Don Mattrick is being positioned as a rock star who can bring the magic back to Zynga. But can Mattrick, who left Microsoft's Interactive Entertainment Business to serve as CEO of the social games company, fix what is broken?
It will take some time to find out. Mattrick takes his seat in the CEO's chair -- and at the board of directors table -- effective July 8. He has an impressive resume. He's been at the forefront of the gaming industry and boasts more than 30 years of experience developing, building and managing profitable entertainment businesses.
"Don is unique in the game business," said Mark Pincus, founder, chairman and chief product officer at Zynga. "He can execute in multiple domains -- hardware, and network, and he's been the person responsible for game franchises like 'Need for Speed,' 'FIFA' and 'The Sims.' He's one of the top executives in the overall entertainment business and he's a great coach who has inspired people to do their best work and build strong, productive teams."

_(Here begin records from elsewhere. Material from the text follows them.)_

lemma diagonalizable_if_jordan_nf_blocks_1:
  assumes "jordan_nf B cs" and "\<forall>(m,c)\<in>set cs. m = 1"
  shows "diagonalizable B"
proof -
  have sim: "similar_mat B (jordan_matrix cs)" using assms(1) unfolding jordan_nf_def by simp
  from similar_matD[OF sim] obtain k P Q where "{B, jordan_matrix cs, P, Q} \<subseteq> carrier_mat k k"
    by blast
  then have "jordan_matrix cs \<in> carrier_mat (dim_row B) (dim_row B)" by auto
  then show ?thesis
    unfolding diagonalizable_def using sim jordan_matrix_diagonal[OF assms(2)] by blast
qed

lemma degree_min_poly_le_card_eigenvalues:
  assumes B: "(B :: 'a :: field mat) \<in> carrier_mat n n" and jnf: "jordan_nf B cs"
    and blocks: "\<forall>(m,c)\<in>set cs. m = 1 \<and> c \<in> R" and R: "finite R"
  shows "degree (min_poly B) \<le> card R"
proof -
  define q where "q = (\<Prod>x\<in>R. [:-x,1:])"
  have q: "q \<noteq> 0" "degree q = card R"
    unfolding q_def using R by (auto simp: degree_prod_sum_eq)
  have "poly_mat q (jordan_matrix cs) = 0\<^sub>m (sum_list (map fst cs)) (sum_list (map fst cs))"
    unfolding poly_mat_jordan_matrix_eq_0_iff poly_mat_jordan_block_eq_0_iff q_def
  proof (intro ballI, clarify)
    fix m c assume "(m,c) \<in> set cs"
    then have "m = 1" "c \<in> R" using blocks by auto
    then show "[:-c,1:] ^ m dvd (\<Prod>x\<in>R. [:-x,1:])" using dvd_prodI[OF R, of c "\<lambda>x. [:-x,1:]"] by simp
  qed
  then have "poly_mat q B = 0\<^sub>m n n"
    using poly_mat_similar_eq_0[of B "jordan_matrix cs" q] jnf B unfolding jordan_nf_def by simp
  then show ?thesis using degree_min_poly_le[OF B q(1)] q(2) by simp
qed

section \<open>Spreading the eigenvalues of Jordan blocks\<close>

lemma proots_prod_list_linear: "proots (\<Prod>x\<leftarrow>xs. [:-x,1:]) = mset xs"
proof -
  have "proots (\<Prod>x\<leftarrow>xs. [:-x,1:]) = proots (\<Prod>p\<leftarrow>map (\<lambda>x. [:-x,1:]) xs. p)"
    by (simp add: o_def)
  also have "\<dots> = (\<Sum>p\<leftarrow>map (\<lambda>x. [:-x,1:]) xs. proots p)"
    by (rule proots_prod_list) auto
  also have "\<dots> = mset xs" by (induct xs) auto
  finally show ?thesis .
qed

lemma jordan_nf_upper_triangular_distinct_diag:
  assumes A: "(A :: complex mat) \<in> carrier_mat n n" and "upper_triangular A"
    and dist: "distinct (diag_mat A)"
  obtains bs where "jordan_nf A bs" and "\<forall>(m,c)\<in>set bs. m = 1 \<and> c \<in> set (diag_mat A)"
proof -
  let ?xs = "diag_mat A"
  have cp: "char_poly A = (\<Prod>x\<leftarrow>?xs. [:-x,1:])"
    using char_poly_upper_triangular[OF A assms(2)] .
  obtain bs where jnf: "jordan_nf A bs" using jordan_nf_exists[OF A cp] by blast
  have "char_poly A \<noteq> 0" unfolding cp by (auto simp: prod_list_zero_iff)
  then have "order c (char_poly A) = count (mset ?xs) c" for c
    using count_proots[of "char_poly A" c] unfolding cp proots_prod_list_linear by simp
  then have order: "order c (char_poly A) = (if c \<in> set ?xs then 1 else 0)" for c
    using dist by (simp add: distinct_count_atmost_1)
  have "m = 1 \<and> c \<in> set ?xs" if "(m,c) \<in> set bs" for m c
  proof -
    have "m \<noteq> 0" using jnf that unfolding jordan_nf_def by force
    moreover have "m \<le> order c (char_poly A)"
      using jordan_nf_block_size_order_bound[OF jnf that] .
    ultimately show ?thesis unfolding order by (auto split: if_splits)
  qed
  with jnf that show ?thesis by blast
qed

definition spread_block :: "nat \<Rightarrow> complex \<Rightarrow> complex \<Rightarrow> complex mat" where
  "spread_block m a t = mat m m (\<lambda>(i,j). if i = j then a + t * of_nat i else if Suc i = j then 1 else 0)"

lemma spread_block_carrier [simp]: "spread_block m a t \<in> carrier_mat m m"
  and spread_block_dim [simp]: "dim_row (spread_block m a t) = m" "dim_col (spread_block m a t) = m"
  unfolding spread_block_def by auto

lemma spread_block_index [simp]:
  "i < m \<Longrightarrow> j < m \<Longrightarrow>
    spread_block m a t $$ (i,j) = (if i = j then a + t * of_nat i else if Suc i = j then 1 else 0)"
  unfolding spread_block_def by auto

lemma spread_block_0: "spread_block m a 0 = jordan_block m a"
  by (rule eq_matI) auto

lemma jordan_nf_spread_block:
  assumes "t \<noteq> 0"
  obtains bs where "jordan_nf (spread_block m a t) bs"
    and "\<forall>(k,c)\<in>set bs. k = 1 \<and> c \<in> (\<lambda>i. a + t * of_nat i) ` {..<m}"
proof -
  have diag: "diag_mat (spread_block m a t) = map (\<lambda>i. a + t * of_nat i) [0..<m]"
    unfolding diag_mat_def by auto
  have "upper_triangular (spread_block m a t)" unfolding upper_triangular_def by auto
  moreover have "distinct (diag_mat (spread_block m a t))"
    unfolding diag using assms by (auto simp: distinct_map inj_on_def)
  ultimately obtain bs where "jordan_nf (spread_block m a t) bs"
    and "\<forall>(k,c)\<in>set bs. k = 1 \<and> c \<in> set (diag_mat (spread_block m a t))"
    using jordan_nf_upper_triangular_distinct_diag[OF spread_block_carrier] by blast
  then show ?thesis by (intro that[of bs]) (auto simp: diag atLeast0LessThan)
qed

definition spread_jordan_matrix :: "(nat \<times> complex) list \<Rightarrow> complex \<Rightarrow> complex mat" where
  "spread_jordan_matrix L t = diag_block_mat (map (\<lambda>(m,a). spread_block m a t) L)"

definition spread_eigenvalues :: "(nat \<times> complex) list \<Rightarrow> complex \<Rightarrow> complex set" where
  "spread_eigenvalues L t = (\<Union>(m,a)\<in>set L. (\<lambda>i. a + t * of_nat i) ` {..<m})"

lemma spread_jordan_matrix_dim [simp]:
  "dim_row (spread_jordan_matrix L t) = sum_list (map fst L)"
  "dim_col (spread_jordan_matrix L t) = sum_list (map fst L)"
  unfolding spread_jordan_matrix_def by (induct L) (auto simp: Let_def)

lemma spread_jordan_matrix_carrier:
  "spread_jordan_matrix L t \<in> carrier_mat (sum_list (map fst L)) (sum_list (map fst L))"
  unfolding carrier_mat_def by simp

lemma finite_spread_eigenvalues: "finite (spread_eigenvalues L t)"
  unfolding spread_eigenvalues_def by auto

lemma spread_jordan_matrix_0: "spread_jordan_matrix L 0 = jordan_matrix L"
  unfolding spread_jordan_matrix_def jordan_matrix_def by (simp add: spread_block_0 case_prod_unfold)

lemma spread_jordan_matrix_index_affine:
  "i < sum_list (map fst L) \<Longrightarrow> j < sum_list (map fst L) \<Longrightarrow>
   spread_jordan_matrix L t $$ (i,j)
     = spread_jordan_matrix L 0 $$ (i,j) + t * (spread_jordan_matrix L 1 $$ (i,j) - spread_jordan_matrix L 0 $$ (i,j))"
proof (induct L arbitrary: i j)
  case (Cons mc L)
  obtain m c where mc: "mc = (m,c)" by force
  have "spread_jordan_matrix ((m,c) # L) s = four_block_mat (spread_block m c s)
      (0\<^sub>m m (sum_list (map fst L))) (0\<^sub>m (sum_list (map fst L)) m) (spread_jordan_matrix L s)" for s
    unfolding spread_jordan_matrix_def by (simp add: Let_def spread_jordan_matrix_def[symmetric])
  then show ?case using Cons unfolding mc by (auto simp: algebra_simps)
qed simp

lemma jordan_nf_spread_jordan_matrix:
  assumes "t \<noteq> 0"
  obtains cs where "jordan_nf (spread_jordan_matrix L t) cs"
    and "\<forall>(k,c)\<in>set cs. k = 1 \<and> c \<in> spread_eigenvalues L t"
proof -
  have "\<forall>y\<in>set L. \<exists>bs. jordan_nf (spread_block (fst y) (snd y) t) bs
      \<and> (\<forall>(k,c)\<in>set bs. k = 1 \<and> c \<in> (\<lambda>i. snd y + t * of_nat i) ` {..<fst y})"
    using jordan_nf_spread_block[OF assms] by metis
  then obtain f where f: "\<And>y. y \<in> set L \<Longrightarrow> jordan_nf (spread_block (fst y) (snd y) t) (f y)
      \<and> (\<forall>(k,c)\<in>set (f y). k = 1 \<and> c \<in> (\<lambda>i. snd y + t * of_nat i) ` {..<fst y})"
    by metis
  define Ms where "Ms = map (\<lambda>y. (spread_block (fst y) (snd y) t, f y)) L"
  have "jordan_nf (diag_block_mat (map fst Ms)) (concat (map snd Ms))"
    by (rule jordan_nf_diag_block_mat) (auto simp: Ms_def dest: f)
  moreover have "diag_block_mat (map fst Ms) = spread_jordan_matrix L t"
    unfolding Ms_def spread_jordan_matrix_def by (simp add: case_prod_unfold o_def)
  moreover have "\<forall>(k,c)\<in>set (concat (map snd Ms)). k = 1 \<and> c \<in> spread_eigenvalues L t"
    using f unfolding Ms_def spread_eigenvalues_def by fastforce
  ultimately show ?thesis using that by metis
qed

lemma similar_line_spread_jordan_matrix:
  assumes A: "A \<in> carrier_mat n n" and sim: "similar_mat A (jordan_matrix L)"
  obtains C where "C \<in> carrier_mat n n" and "\<And>t. similar_mat (A + t \<cdot>\<^sub>m C) (spread_jordan_matrix L t)"
proof -
  from similar_matD[OF sim] obtain P Q where
    c: "{A, jordan_matrix L, P, Q} \<subseteq> carrier_mat n n" and PQ: "P * Q = 1\<^sub>m n" "Q * P = 1\<^sub>m n"
    and AJ: "A = P * jordan_matrix L * Q"
    using A by fastforce
  have P: "P \<in> carrier_mat n n" and Q: "Q \<in> carrier_mat n n" using c by auto
  have L: "sum_list (map fst L) = n" using c by auto
  then have J: "spread_jordan_matrix L t \<in> carrier_mat n n" for t
    using spread_jordan_matrix_carrier[of L t] by simp
  define E where "E = spread_jordan_matrix L 1 - spread_jordan_matrix L 0"
  have E: "E \<in> carrier_mat n n" unfolding E_def using J by (intro minus_carrier_mat)
  define C where "C = P * E * Q"
  have C: "C \<in> carrier_mat n n" unfolding C_def using P Q E by auto
  have J_affine: "spread_jordan_matrix L t = spread_jordan_matrix L 0 + t \<cdot>\<^sub>m E" for t
    using J E L spread_jordan_matrix_index_affine[of _ L _ t] unfolding E_def
    by (intro eq_matI) auto
  have "P * spread_jordan_matrix L t * Q = A + t \<cdot>\<^sub>m C" for t
  proof -
    have "P * (spread_jordan_matrix L 0 + t \<cdot>\<^sub>m E) * Q
        = P * spread_jordan_matrix L 0 * Q + P * (t \<cdot>\<^sub>m E) * Q"
      using P Q J E by (simp add: mult_add_distrib_mat[of P n n _ n] add_mult_distrib_mat[of _ n n _ Q n])
    also have "P * (t \<cdot>\<^sub>m E) * Q = t \<cdot>\<^sub>m C"
      unfolding C_def using P E Q
      by (simp add: mult_smult_distrib[of P n n E n] mult_smult_assoc_mat[of _ n n Q n])
    finally show ?thesis using AJ J_affine[of t] by (simp add: spread_jordan_matrix_0)
  qed
  then have "similar_mat (A + t \<cdot>\<^sub>m C) (spread_jordan_matrix L t)" for t
    using A C J P Q PQ by (intro similar_matI[of _ _ P Q n]) auto
  with C that show ?thesis by blast
qed

lemma card_spread_eigenvalues_le:
  assumes A: "(A :: complex mat) \<in> carrier_mat n n" and jnf: "jordan_nf A L"
  shows "card (spread_eigenvalues L t) \<le> degree (min_poly A)"
proof -
  let ?p = "min_poly A"
  let ?E = "snd ` set L"
  have p: "?p \<noteq> 0" using is_min_poly_min_poly_complex[OF A] unfolding is_min_poly_def by auto
  have size_le: "m \<le> order a ?p" if "(m,a) \<in> set L" for m a
    using jordan_block_size_le_order_min_poly[OF A jnf that] .
  have "spread_eigenvalues L t \<subseteq> (\<Union>a\<in>?E. (\<lambda>i. a + t * of_nat i) ` {..<order a ?p})"
    unfolding spread_eigenvalues_def using size_le by force
  then have "card (spread_eigenvalues L t) \<le> card (\<Union>a\<in>?E. (\<lambda>i. a + t * of_nat i) ` {..<order a ?p})"
    by (intro card_mono) auto
  also have "\<dots> \<le> (\<Sum>a\<in>?E. card ((\<lambda>i. a + t * of_nat i) ` {..<order a ?p}))"
    by (intro card_UN_le) simp
  also have "\<dots> \<le> (\<Sum>a\<in>?E. order a ?p)"
    by (intro sum_mono order_trans[OF card_image_le]) simp_all
  \<comment> \<open>Jordan blocks are nonempty, so each eigenvalue is a root of the minimal polynomial\<close>
  also have "\<dots> \<le> (\<Sum>a | poly ?p a = 0. order a ?p)"
  proof (rule sum_mono2)
    show "finite {a. poly ?p a = 0}" using poly_roots_finite[OF p] .
    show "?E \<subseteq> {a. poly ?p a = 0}"
    proof
      fix a assume "a \<in> ?E"
      then obtain m where "(m,a) \<in> set L" by force
      moreover then have "m \<noteq> 0" using jnf unfolding jordan_nf_def by force
      ultimately have "order a ?p \<noteq> 0" using size_le by fastforce
      then show "a \<in> {a. poly ?p a = 0}" using p by (simp add: order_root)
    qed
  qed simp
  also have "\<dots> \<le> degree ?p" using sum_order_le_degree[OF p] .
  finally show ?thesis .
qed
(* The function $h_1(t)=\dfrac{\log^2(1+t)}{\log(1+t^2)}$ is strictly decreasing on $(0,1)$ and strictly increasing on $(1,\infty)$. In particular, $\log^2(1+t)\le\log(1+t^2)$ for $0<t\le1$. *)

theory Defs
  imports Complex_Main
begin

definition h1 :: "real \<Rightarrow> real" where
  "h1 t = (ln (1 + t))\<^sup>2 / ln (1 + t\<^sup>2)"

end

theory Submission
  imports Defs "HOL-Real_Asymp.Real_Asymp"
begin

text \<open>
  With \<open>psi x = (1 + x) ln (1 + x) / x\<close> the derivative of \<open>h1\<close> at \<open>x > 0\<close> is
  \<open>2 ln (1 + x) x\<^sup>2 (psi (x\<^sup>2) - psi x) / ((1 + x) (1 + x\<^sup>2) ln\<^sup>2 (1 + x\<^sup>2))\<close>.
  Since \<open>psi' x = (x - ln (1 + x)) / x\<^sup>2 > 0\<close>, \<open>psi\<close> is strictly increasing, so \<open>h1'\<close>
  has the sign of \<open>x\<^sup>2 - x\<close>, that is, of \<open>x - 1\<close>.
  For the inequality: \<open>h1\<close> tends to \<open>1\<close> at \<open>0\<^sup>+\<close> and decreases on \<open>(0, 1)\<close>, so
  \<open>h1 \<le> 1\<close> there; at \<open>t = 1\<close> it reads \<open>ln 2 \<le> 1\<close>.
\<close>

definition psi :: "real \<Rightarrow> real" where
  "psi x = (1 + x) * ln (1 + x) / x"

lemma psi_has_real_derivative:
  assumes "x > 0"
  shows "(psi has_real_derivative (x - ln (1 + x)) / x\<^sup>2) (at x)"
proof -
  have "(psi has_real_derivative
          ((ln (1 + x) + 1) * x - (1 + x) * ln (1 + x)) / (x * x)) (at x)"
    unfolding psi_def[abs_def] using assms by (auto intro!: derivative_eq_intros)
  moreover have "(ln (1 + x) + 1) * x - (1 + x) * ln (1 + x) = x - ln (1 + x)"
    by (simp add: algebra_simps)
  ultimately show ?thesis by (simp add: power2_eq_square)
qed

lemma psi_strict_mono_on: "strict_mono_on {0<..} psi"
proof (rule strict_mono_onI)
  fix a b :: real
  assume "a \<in> {0<..}" "a < b"
  show "psi a < psi b"
  proof (rule DERIV_pos_imp_increasing[OF \<open>a < b\<close>])
    fix x assume "a \<le> x"
    with \<open>a \<in> {0<..}\<close> have "x > 0" by simp
    then have "(x - ln (1 + x)) / x\<^sup>2 > 0"
      using ln_add_one_self_less_self by simp
    with psi_has_real_derivative[OF \<open>x > 0\<close>]
    show "\<exists>D. (psi has_real_derivative D) (at x) \<and> D > 0" by blast
  qed
qed

lemma h1_has_real_derivative:
  assumes "x > 0"
  shows "(h1 has_real_derivative
           2 * ln (1 + x) * (x\<^sup>2 * (psi (x\<^sup>2) - psi x))
             / ((1 + x) * (1 + x\<^sup>2) * (ln (1 + x\<^sup>2))\<^sup>2)) (at x)"
proof -
  define L M where "L = ln (1 + x)" and "M = ln (1 + x\<^sup>2)"
  have pos: "1 + x > 0" "1 + x\<^sup>2 > 0" "M > 0"
    using assms unfolding M_def by (auto intro: add_pos_nonneg ln_gt_zero)
  have "(h1 has_real_derivative
          (2 * L * (1 / (1 + x)) * M - L\<^sup>2 * (2 * x / (1 + x\<^sup>2))) / (M * M)) (at x)"
    using pos unfolding h1_def[abs_def] L_def M_def
    by (auto intro!: derivative_eq_intros simp: power2_eq_square)
  moreover have "(2 * L * (1 / (1 + x)) * M - L\<^sup>2 * (2 * x / (1 + x\<^sup>2))) / (M * M)
        = 2 * L * ((1 + x\<^sup>2) * M - x * (1 + x) * L) / ((1 + x) * (1 + x\<^sup>2) * M\<^sup>2)"
    using pos by (simp add: field_simps power2_eq_square)
  moreover have "x\<^sup>2 * (psi (x\<^sup>2) - psi x) = (1 + x\<^sup>2) * M - x * (1 + x) * L"
    using assms unfolding psi_def L_def M_def by (simp add: field_simps power2_eq_square)
  ultimately show ?thesis unfolding L_def M_def by simp
qed

lemma h1_has_derivative_pos_multiple:
  assumes "x > 0"
  obtains c where "c > 0" and "(h1 has_real_derivative c * (psi (x\<^sup>2) - psi x)) (at x)"
proof
  let ?c = "2 * ln (1 + x) * x\<^sup>2 / ((1 + x) * (1 + x\<^sup>2) * (ln (1 + x\<^sup>2))\<^sup>2)"
  have "ln (1 + x) > 0" "ln (1 + x\<^sup>2) > 0" "1 + x\<^sup>2 > 0"
    using assms by (auto intro: add_pos_nonneg ln_gt_zero)
  with assms show "?c > 0"
    by (intro divide_pos_pos mult_pos_pos) auto
  show "(h1 has_real_derivative ?c * (psi (x\<^sup>2) - psi x)) (at x)"
    using h1_has_real_derivative[OF assms] by (simp add: mult.assoc)
qed

lemma h1_strict_antimono_on: "strict_antimono_on {0<..<1} h1"
proof (rule monotone_onI)
  fix a b :: real
  assume "a \<in> {0<..<1}" "b \<in> {0<..<1}" "a < b"
  show "h1 b < h1 a"
  proof (rule DERIV_neg_imp_decreasing[OF \<open>a < b\<close>])
    fix x assume "a \<le> x" "x \<le> b"
    with \<open>a \<in> {0<..<1}\<close> \<open>b \<in> {0<..<1}\<close> have x: "0 < x" "x < 1" by auto
    then have "psi (x\<^sup>2) < psi x"
      by (intro strict_mono_onD[OF psi_strict_mono_on]) (auto simp: power2_eq_square)
    moreover obtain c where "c > 0" "(h1 has_real_derivative c * (psi (x\<^sup>2) - psi x)) (at x)"
      using h1_has_derivative_pos_multiple[OF \<open>0 < x\<close>] .
    ultimately show "\<exists>D. (h1 has_real_derivative D) (at x) \<and> D < 0"
      using mult_pos_neg by force
  qed
qed

lemma h1_strict_mono_on: "strict_mono_on {1<..} h1"
proof (rule strict_mono_onI)
  fix a b :: real
  assume "a \<in> {1<..}" "a < b"
  show "h1 a < h1 b"
  proof (rule DERIV_pos_imp_increasing[OF \<open>a < b\<close>])
    fix x assume "a \<le> x"
    with \<open>a \<in> {1<..}\<close> have x: "0 < x" "1 < x" by auto
    then have "psi x < psi (x\<^sup>2)"
      by (intro strict_mono_onD[OF psi_strict_mono_on]) (auto simp: power2_eq_square)
    moreover obtain c where "c > 0" "(h1 has_real_derivative c * (psi (x\<^sup>2) - psi x)) (at x)"
      using h1_has_derivative_pos_multiple[OF \<open>0 < x\<close>] .
    ultimately show "\<exists>D. (h1 has_real_derivative D) (at x) \<and> D > 0"
      using mult_pos_pos by force
  qed
qed

lemma h1_tendsto_at_right_0: "(h1 \<longlongrightarrow> 1) (at_right 0)"
  unfolding h1_def by real_asymp

lemma h1_le_one:
  assumes "t \<in> {0<..<1}"
  shows "h1 t \<le> 1"
proof (rule tendsto_le[OF trivial_limit_at_right_real h1_tendsto_at_right_0 tendsto_const])
  have "\<forall>\<^sub>F s in at_right 0. s \<in> {0<..<t}"
    using assms by (intro eventually_at_right_real) simp
  then show "\<forall>\<^sub>F s in at_right 0. h1 t \<le> h1 s"
  proof (rule eventually_mono)
    fix s assume "s \<in> {0<..<t}"
    with assms show "h1 t \<le> h1 s"
      using monotone_onD[OF h1_strict_antimono_on] by (simp add: less_imp_le)
  qed
qed

lemma power2_ln_add_one_le_ln_add_one_power2:
  fixes t :: real
  assumes "0 < t" "t \<le> 1"
  shows "(ln (1 + t))\<^sup>2 \<le> ln (1 + t\<^sup>2)"
proof (cases "t = 1")
  case True
  have "ln 2 \<le> (1 :: real)"
    using ln_le_minus_one[of 2] by simp
  then show ?thesis
    using True by (simp add: power2_eq_square mult_le_cancel_right1)
next
  case False
  with assms have "h1 t \<le> 1" by (intro h1_le_one) simp
  moreover have "ln (1 + t\<^sup>2) > 0"
    using assms by (intro ln_gt_zero) simp
  ultimately show ?thesis
    unfolding h1_def by simp
qed

theorem lemma3p7:
  shows "strict_antimono_on {0<..<1} h1 \<and> strict_mono_on {1<..} h1 \<and>
         (\<forall>t::real. 0 < t \<and> t \<le> 1 \<longrightarrow> (ln (1 + t))\<^sup>2 \<le> ln (1 + t\<^sup>2))"
  using h1_strict_antimono_on h1_strict_mono_on power2_ln_add_one_le_ln_add_one_power2
  by blast

end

Mattrick Believes He Can Do It
Mattrick, 49, spent six years at Microsoft -- the last three as president of the Interactive Entertainment Business. In that role, he was responsible for the team that grew Microsoft's Xbox 360 global installed base by 700 percent to more than 75 million consoles. Now he's turning his talent to reviving Zynga.
"In its short history, Zynga has redefined entertainment and brought social gaming to the mainstream," Mattrick said. "More than 1 billion people across Web and have installed Zynga games, and franchises like FarmVille and Words With Friends have become a part of people's daily lives.
"I joined Zynga because I believe that Mark's pioneering vision and mission to connect the world through games is just getting started. Zynga is a great business that has yet to realize its full potential. I'm proud to partner with Mark to deliver high-quality, fun, social games wherever people want to play."
Billy Pidgeon, an independent video game analyst, said he's skeptical, not because Mattrick can't work miracles but because Zynga is in a tenuous position without many assets.
"Zynga has had good people working for them. They've bought some great companies and they've even had a couple of somewhat successful forays into mobile, but they lost the position on Facebook and other companies have superseded them," Pidgeon said.
One of Pidgeon's beefs with Zynga is its attitude toward audiences. Zynga may have great games, he said, but the company has not developed relationships with all customers equally. Meanwhile, forward-thinking, free-to-play publishers are treating free players with the same respect as players who shell out cash.
"Hopefully these are things Don Mattrick can help with. But they have a long way to go," Pidgeon told us. "They couldn't have chosen a better person as CEO but I will believe it when I see it because of their past performance."